BRIEF DESCRIPTION OF THE DRAWINGS

FIG. 1 shows a schematic diagram illustrating a conventional digital video broadcasting-terrestrial (DVB-T) system.

FIG. 2A shows a waveform diagram of an analogy broadcasting TV signal and an OFDM signal.

FIG. 2B shows a waveform diagram of co-channel interference.

FIG. 3A shows a schematic diagram illustrating a conventional DVB-T transmitter.

FIG. 3B shows a schematic diagram illustrating a frame structure in data transmission of a conventional DVB-T system.

FIG. 3C shows a schematic diagram illustrating a DVB-T receiver of the invention.

FIG. 4A shows a waveform diagram corresponding to a weighting coefficient setting of the invention.

FIG. 4B shows a waveform diagram corresponding to another weighting coefficient setting of the invention.

FIG. 5 shows a flowchart illustrating a method for detecting the co-channel interference according to an embodiment of the invention.

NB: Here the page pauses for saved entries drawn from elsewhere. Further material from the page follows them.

(* There are universal constants $0<c_1\le c_2$ such that for all positive integers $m$ and all $p,q\in[0,1]$, \[ c_1\min\left(m|p-q|,\frac{\sqrt m\,|p-q|}{\sqrt{p(1-p)}},1\right)\le \ell_1(\mathrm{Bin}(m,p),\mathrm{Bin}(m,q))\le c_2\min\left(m|p-q|,\frac{\sqrt m\,|p-q|}{\sqrt{p(1-p)}},1\right). \]
   Context: $\ell_1(P,Q)=\sum_x|P(x)-Q(x)|$ for distributions on $\{0,1,\dots,m\}$, and $\mathrm{Bin}(m,p)$ is the binomial distribution. When $p(1-p)=0$ the middle term is interpreted as $+\infty$ if $p\neq q$ (and $0$ if $p=q$). *)

theory Defs
  imports "HOL-Probability.Probability"
begin

definition l1_dist :: "nat \<Rightarrow> nat pmf \<Rightarrow> nat pmf \<Rightarrow> real" where
  "l1_dist m P Q = (\<Sum>x\<in>{0..m}. \<bar>pmf P x - pmf Q x\<bar>)"

definition mid_term :: "nat \<Rightarrow> real \<Rightarrow> real \<Rightarrow> ereal" where
  "mid_term m p q =
     (if p = q then 0
      else if p * (1 - p) = 0 then \<infinity>
      else ereal (sqrt (real m) * \<bar>p - q\<bar> / sqrt (p * (1 - p))))"

definition bin_rate :: "nat \<Rightarrow> real \<Rightarrow> real \<Rightarrow> ereal" where
  "bin_rate m p q = min (ereal (real m * \<bar>p - q\<bar>)) (min (mid_term m p q) 1)"

end

theory Submission
  imports Defs
begin

text \<open>
  Write \<open>L\<close> for the \<open>\<ell>\<^sub>1\<close> distance, \<open>d = |p - q|\<close> and \<open>\<sigma>\<^sup>2 = m p (1 - p)\<close>. For a test
  function \<open>w\<close> the mean \<open>E\<^sub>s w\<close> of \<open>w\<close> under \<open>Bin(m, s)\<close> is a Bernstein polynomial in \<open>s\<close>,
  whose derivative is \<open>m\<close> times the Bernstein polynomial of the increments of \<open>w\<close>.

  Upper bounds: trivially \<open>L \<le> 2\<close>; taking for \<open>w\<close> the signs of the differences of the two
  mass functions gives \<open>L = E\<^sub>p w - E\<^sub>q w \<le> 2 m d\<close>; and by Cauchy-Schwarz \<open>L\<^sup>2\<close> is at most
  the \<open>\<chi>\<^sup>2\<close>-divergence \<open>(1 + d\<^sup>2 / (p (1 - p)))\<^sup>m - 1\<close>, which is \<open>O(m d\<^sup>2 / (p (1 - p)))\<close>
  as long as this quantity is small.

  Lower bound: let \<open>w\<close> rise linearly from \<open>-1\<close> to \<open>1\<close> on a window of half-width
  \<open>W = max 16 (8 \<sigma>)\<close> around the mean \<open>m p\<close>. By Chebyshev's inequality, for every \<open>s\<close> within
  \<open>W / (4 m)\<close> of \<open>p\<close> half of the mass of \<open>Bin(m - 1, s)\<close> lies where the increments of \<open>w\<close>
  equal \<open>1 / W\<close>, so \<open>s \<mapsto> E\<^sub>s w\<close> is nondecreasing with slope at least \<open>m / (2 W)\<close> there.
  Hence \<open>L \<ge> |E\<^sub>q w - E\<^sub>p w| \<ge> min (m d / (2 W)) (1 / 8)\<close>.
\<close>

section \<open>Two consequences of the mean value theorem\<close>

lemma DERIV_ge_imp_diff_ge:
  fixes f f' :: "real \<Rightarrow> real"
  assumes "a \<le> b"
    and "\<And>x. a \<le> x \<Longrightarrow> x \<le> b \<Longrightarrow> (f has_real_derivative f' x) (at x)"
    and "\<And>x. a \<le> x \<Longrightarrow> x \<le> b \<Longrightarrow> c \<le> f' x"
  shows "c * (b - a) \<le> f b - f a"
proof -
  have "f a - c * a \<le> f b - c * b"
  proof (rule DERIV_nonneg_imp_nondecreasing[OF assms(1)])
    fix x assume "a \<le> x" "x \<le> b"
    then show "\<exists>y. ((\<lambda>x. f x - c * x) has_real_derivative y) (at x) \<and> 0 \<le> y"
      using assms(2,3) by (intro exI[of _ "f' x - c"]) (auto intro!: derivative_eq_intros)
  qed
  then show ?thesis
    by (simp add: algebra_simps)
qed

DETAILED DESCRIPTION OF THE INVENTION

FIG. 3C shows a block diagram illustrating a digital video broadcasting-terrestrial (DVB-T) receiver 32 of the invention, and FIG. 3A shows a block diagram illustrating a conventional DVB-T transmitter 11. A DVB-T system generally includes the DVB-T transmitter 11 and the DVB-T receiver 32 that both operate in OFDM transmission with inner conventional codes, outer Reed-Solomon (RS) codes, and different modulation constellation choices (such as QPSK, 16 QAM and 64 QAM).

Referring to FIG. 3A, the DVB-T transmitter 11 includes a pilot insert unit 112, an inverse discrete Fourier transform (IDFT) circuit 113, a guard interval (GI) insert unit 114, a digital-to-analog converter (DAC) 115, and a RF modulator 116. The pilot insert unit 112 receives encoded data CDA and then inserts continual pilots or scattered pilots into the encoded data CDA in a pre-set manner to generate a transmission symbol C(n,k). Then, the pilot insert unit 112 outputs the transmission symbol C(n,k) to the IDFT circuit 113 to perform an inverse Fourier transformation, so that the frequency-domain data signal is transformed into a time-domain data signal. The GI insert unit 114 inserts guard interval into IDFT output of the IDFT circuit 113 so as to provide the resistance to the multi-path fading. Then, the DAC 115 performs a digital-to-analog conversion on the processed signal, and the converted signal is modulated by the RF modulator 116 to finally generate an emitted signal s(t) that is emitted by an antenna.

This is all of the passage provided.